Bunun en güzel örneğini İstiklâl Savaşında görmekteyiz. O dönemin Türkiye’sinin şartlarında tekrar bir savaşa girmek, dönemin Batılı kumandanlarınca intihar sayılsa da, bizler özgürlüğümüze olan bağlılığımız sebebiyle bunu bile göze alarak savaştık.
Keza İstiklâl Savaşını yöneten komutanlarda aynı yaş grubuna dahil ve aynı seviyede eğitim alan kişiler olmasına rağmen kişisel menfaat çatışmasına girmemek suretiyle bir kişi üzerinde birleşerek savaşmışlar, sonuçta da başarıya ulaşmışlardır. Kendilerini bu tarz davranışa iten duygu ise; devletin yok olma sürecine girmesi dolayısıyla devlete olan bağlılıklarıdır.

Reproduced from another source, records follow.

(* Consider an instance of additive multislope ski rental with states $0,\dots,k$, buying costs $b_0<b_1<\dots<b_k$ and rental rates $r_0>r_1>\dots>r_k\ge0$, such that $s_1<\dots<s_k$ where $s_i=\frac{b_i-b_{i-1}}{r_{i-1}-r_i}$. Let $c\ge1$. If there exists a $c$-competitive prudent profile, then there exists a $c$-competitive tight profile.
   Context: A profile is a vector $p(t)=(p_0(t),\dots,p_k(t))$ of nonnegative functions of $t\ge0$ with $\sum_ip_i(t)=1$ for all $t$ ($p_i(t)$ = probability of being in state $i$ at time $t$). Define $B_p(t)=\sum_ip_i(t)b_i$, $R_p(t)=\sum_ip_i(t)r_i$, $X_p(t)=B_p(t)+\int_0^tR_p(z)\,dz$ and $\textsc{opt}(t)=\min_i(b_i+r_it)$. A profile is $c$-competitive if $X_p(t)\le c\,\textsc{opt}(t)$ for all $t\ge0$. It is prudent if at every time the set $\{i:p_i(t)>0\}$ is either a single slope or two consecutive slopes. A prudent $c$-competitive profile $p$ is tight if $X_p(t)=c\cdot\textsc{opt}(t)$ for all $t$ with $p_k(t)<1$. *)

theory Defs
  imports "HOL-Analysis.Analysis"
begin

text \<open>States are 0..k; a profile is p :: nat => real => real with p i t the
probability of being in state i at time t (only t >= 0 and i <= k matter).\<close>

definition Bp :: "nat \<Rightarrow> (nat \<Rightarrow> real) \<Rightarrow> (nat \<Rightarrow> real \<Rightarrow> real) \<Rightarrow> real \<Rightarrow> real" where
  "Bp k b p t = (\<Sum>i\<le>k. p i t * b i)"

Geçmişte böyle ruha sahip bir millet olmamızın nedeni, o dönemde yetişen gençliğe verilen eğitimde yatmaktadır. Hepimizin bildiği gibi eğitim iki yerde olur; aile ve okul. O dönemde aileler çocuklarına küçük yaşta milli duyguları aşılar, dedeler, nineler masal niyetine çocuklara tarihteki kahramanlık hikayelerini anlatırdı. Okullarda ise batılı ilimlerin yansıra milli bilgiler de verilirdi. Dolayısıyla günümüze göre daha idealist bir gençlik mevcuttu.
Günümüzde ise değişen hayat şartları sebebiyle bir çok ailede anne de çalışmakta, dedeler, nineler çocuğa bakıyorsalar da, genellikle pembe dizi veya “evlilik, gelin-kayınvalide ilişkileriyle ilgili” izleyenlere hiçbir katkısı olmayan ve ciddi olarak seviye problemi bulunan programlarla vakit geçirmekte, dolayısıyla nesiller arası kültür aktarımı sağlanamamaktadır. Mali durumu iyi olan aileler ise çocuklarına yabancı uyruklu dadı tutmaktadır.
Okullarımızda ise anaokulundan itibaren yabancı dille eğitim verilerek çocuklarımız kendi kültürlerine yabancı olarak yetiştirilmektedir. Çünkü dil en önemli kültür – aktarım aracıdır. Çocuk daha kendi dilini tam konuşamazken yabancı dil öğrenirse tabii ki gelecekte kendisinden milli hassasiyet beklemek zor olur. Şahsi kanaatimce bir çocuğa yabancı dil lise çağlarında öğretilmeye başlanmalıdır. Çünkü bu yaşlara geldiğinde kişinin artık kültürel altyapısı oluşmuş olur.
Kısacası değerli okuyucular, bizler yetişen neslimize “bilinçli bir eğitim” verirsek, bugün ülkemizde yaşadığımız bölünme tehlikesi, yabancılara toprak satımı veya iyi eğitim alan gençlerimizin yurt dışında çalışma istekleri yani beyin göçü sorununu yaşamayız.(Dünya da en çok beyin göçü veren Hindistan’dan sonra ikinci ülke olarak gelmekteyiz!)
Bir devletin kaderini o devleti oluşturan millet belirler. Atalarımız dünya tarihine Roma İmparatorluğu’ndan sonra en uzun yaşayan imparatoluk olan Osmanlı İmparatorluğu’nu kurup yaşatarak imza attılar. Umarım bizler ise tarihe “en kısa süren Türk devleti” olarak imza atmayız.